◆ Problem requirements ◆
When you reach the line that contains "th = (\<Sum>k=1..K." in the entries below, begin returning lines exactly as written and continue through the last one.

Records from a data source

definition Cs :: "nat \<Rightarrow> (nat \<Rightarrow> 't \<Rightarrow> real) \<Rightarrow> (nat \<Rightarrow> 't \<Rightarrow> real) \<Rightarrow> real \<Rightarrow> real \<Rightarrow> 't \<Rightarrow> real \<Rightarrow> real" where
  "Cs K D V p r t th =
     (\<Sum>k=1..K. (V k t - p) * (D k t - D k t / Dagg K D t * supp K D r t th))"

definition fNo :: "'a measure \<Rightarrow> 't set \<Rightarrow> ('t \<Rightarrow> 'a \<Rightarrow> real) \<Rightarrow> nat \<Rightarrow> (nat \<Rightarrow> 't \<Rightarrow> real)
    \<Rightarrow> real \<Rightarrow> real \<Rightarrow> real \<Rightarrow> real" where
  "fNo M T Theta K D p cr r =
     (\<Sum>t\<in>T. p * (\<integral>\<omega>. supp K D r t (Theta t \<omega>) \<partial>M)) - cr * r"

definition insObj :: "'t set \<Rightarrow> nat \<Rightarrow> (nat \<Rightarrow> 't \<Rightarrow> real) \<Rightarrow> (nat \<Rightarrow> 't \<Rightarrow> real) \<Rightarrow> real" where
  "insObj T K D \<pi> = (\<Sum>k=1..K. \<Sum>t\<in>T. \<pi> k t * D k t)"

definition fIns :: "'a measure \<Rightarrow> 't set \<Rightarrow> ('t \<Rightarrow> 'a \<Rightarrow> real) \<Rightarrow> nat \<Rightarrow> (nat \<Rightarrow> 't \<Rightarrow> real)
    \<Rightarrow> (nat \<Rightarrow> 't \<Rightarrow> real) \<Rightarrow> real \<Rightarrow> real \<Rightarrow> real \<Rightarrow> (nat \<Rightarrow> 't \<Rightarrow> real) \<Rightarrow> real" where
  "fIns M T Theta K D V p cr r \<pi> =
     insObj T K D \<pi> + (\<Sum>t\<in>T. p * (\<integral>\<omega>. supp K D r t (Theta t \<omega>) \<partial>M)) - cr * r
     - (\<Sum>t\<in>T. (\<integral>\<omega>. Cs K D V p r t (Theta t \<omega>) \<partial>M))"

definition CSO :: "'a measure \<Rightarrow> 't set \<Rightarrow> ('t \<Rightarrow> 'a \<Rightarrow> real) \<Rightarrow> nat \<Rightarrow> (nat \<Rightarrow> 't \<Rightarrow> real)
    \<Rightarrow> (nat \<Rightarrow> 't \<Rightarrow> real) \<Rightarrow> real \<Rightarrow> real \<Rightarrow> real \<Rightarrow> real" where
  "CSO M T Theta K D V p cr r = cr * r + (\<Sum>t\<in>T. (\<integral>\<omega>. Cs K D V p r t (Theta t \<omega>) \<partial>M))"

definition unserved :: "'a measure \<Rightarrow> ('t \<Rightarrow> 'a \<Rightarrow> real) \<Rightarrow> nat \<Rightarrow> (nat \<Rightarrow> 't \<Rightarrow> real)
    \<Rightarrow> real \<Rightarrow> 't \<Rightarrow> real" where
  "unserved M Theta K D r t = (\<integral>\<omega>. 1 - supp K D r t (Theta t \<omega>) / Dagg K D t \<partial>M)"

definition feasible_Ins where
  "feasible_Ins M T Theta K D V p cr \<xi> r \<pi> \<longleftrightarrow>
     r \<ge> 0 \<and> fIns M T Theta K D V p cr r \<pi> \<ge> \<xi> \<and>
     (\<forall>t\<in>T. \<forall>k\<in>{1..K}. \<forall>m\<in>{1..K}.
        \<pi> k t - \<pi> m t = (V k t - V m t) * unserved M Theta K D r t) \<and>
     (\<forall>t\<in>T. \<forall>k\<in>{1..K}.
        0 \<le> \<pi> k t \<and> \<pi> k t \<le> (V k t - p) * unserved M Theta K D r t)"

definition optimal_Ins where
  "optimal_Ins M T Theta K D V p cr \<xi> r \<pi> \<longleftrightarrow>
     feasible_Ins M T Theta K D V p cr \<xi> r \<pi> \<and>
     (\<forall>r' \<pi>'. feasible_Ins M T Theta K D V p cr \<xi> r' \<pi>' \<longrightarrow> insObj T K D \<pi> \<le> insObj T K D \<pi>')"

definition feasible_NoIns where
  "feasible_NoIns M T Theta K D p cr \<xi> r \<longleftrightarrow> r \<ge> 0 \<and> fNo M T Theta K D p cr r \<ge> \<xi>"

definition optimal_NoIns where
  "optimal_NoIns M T Theta K D p cr \<xi> r \<longleftrightarrow>
     feasible_NoIns M T Theta K D p cr \<xi> r \<and>
     (\<forall>r'. feasible_NoIns M T Theta K D p cr \<xi> r' \<longrightarrow> r' \<le> r)"

end

theory Submission
  imports Defs
begin

text \<open>Charging every type its expected shortage cost per unit of demand (the fair premium) turns
  the insurance profit into the no-insurance profit, so the insurance constraints are no harder to
  meet: a feasible insurance capacity is feasible without insurance, and the no-insurance optimum
  \<open>r\<^sup>\<ddagger>\<close> with fair premiums is feasible with insurance. Hence the optimal premium income is at most
  the expected shortage cost at \<open>r\<^sup>\<ddagger>\<close>. Moreover the supply revenue at \<open>r\<^sup>*\<close> exceeds \<open>\<xi>\<close> by at
  most \<open>c\<^sub>r r\<^sup>\<ddagger>\<close>, for otherwise the larger capacity \<open>(revenue - \<xi>) / c\<^sub>r\<close> would be feasible without
  insurance, the revenue being monotone in the capacity. Adding both bounds to the profit
  constraint at \<open>r\<^sup>*\<close> gives \<open>C\<^sup>S\<^sup>O(r\<^sup>*) \<le> C\<^sup>S\<^sup>O(r\<^sup>\<ddagger>)\<close>.\<close>

definition fair_premium :: "'a measure \<Rightarrow> ('t \<Rightarrow> 'a \<Rightarrow> real) \<Rightarrow> nat \<Rightarrow> (nat \<Rightarrow> 't \<Rightarrow> real)
    \<Rightarrow> (nat \<Rightarrow> 't \<Rightarrow> real) \<Rightarrow> real \<Rightarrow> real \<Rightarrow> nat \<Rightarrow> 't \<Rightarrow> real" where
  "fair_premium M Theta K D V p r k t = (V k t - p) * unserved M Theta K D r t"

definition expected_revenue :: "'a measure \<Rightarrow> 't set \<Rightarrow> ('t \<Rightarrow> 'a \<Rightarrow> real) \<Rightarrow> nat
    \<Rightarrow> (nat \<Rightarrow> 't \<Rightarrow> real) \<Rightarrow> real \<Rightarrow> real \<Rightarrow> real" where
  "expected_revenue M T Theta K D p r = (\<Sum>t\<in>T. p * (\<integral>\<omega>. supp K D r t (Theta t \<omega>) \<partial>M))"

lemma Cs_eq:
  "Cs K D V p r t th = (\<Sum>k=1..K. (V k t - p) * D k t) * (1 - supp K D r t th / Dagg K D t)"
  unfolding Cs_def sum_distrib_right by (rule sum.cong) (simp_all add: right_diff_distrib)

lemma sum_integral_Cs_eq_insObj:
  "(\<Sum>t\<in>T. \<integral>\<omega>. Cs K D V p r t (Theta t \<omega>) \<partial>M) = insObj T K D (fair_premium M Theta K D V p r)"
  unfolding insObj_def fair_premium_def Cs_eq unserved_def integral_mult_right_zero
  by (subst sum.swap) (simp add: sum_distrib_right mult_ac)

◆ Exercise solution ◆
  "Cs K D V p r t th = (\<Sum>k=1..K. (V k t - p) * D k t) * (1 - supp K D r t th / Dagg K D t)"
  unfolding Cs_def sum_distrib_right by (rule sum.cong) (simp_all add: right_diff_distrib)

lemma sum_integral_Cs_eq_insObj:
  "(\<Sum>t\<in>T. \<integral>\<omega>. Cs K D V p r t (Theta t \<omega>) \<partial>M) = insObj T K D (fair_premium M Theta K D V p r)"
  unfolding insObj_def fair_premium_def Cs_eq unserved_def integral_mult_right_zero
  by (subst sum.swap) (simp add: sum_distrib_right mult_ac)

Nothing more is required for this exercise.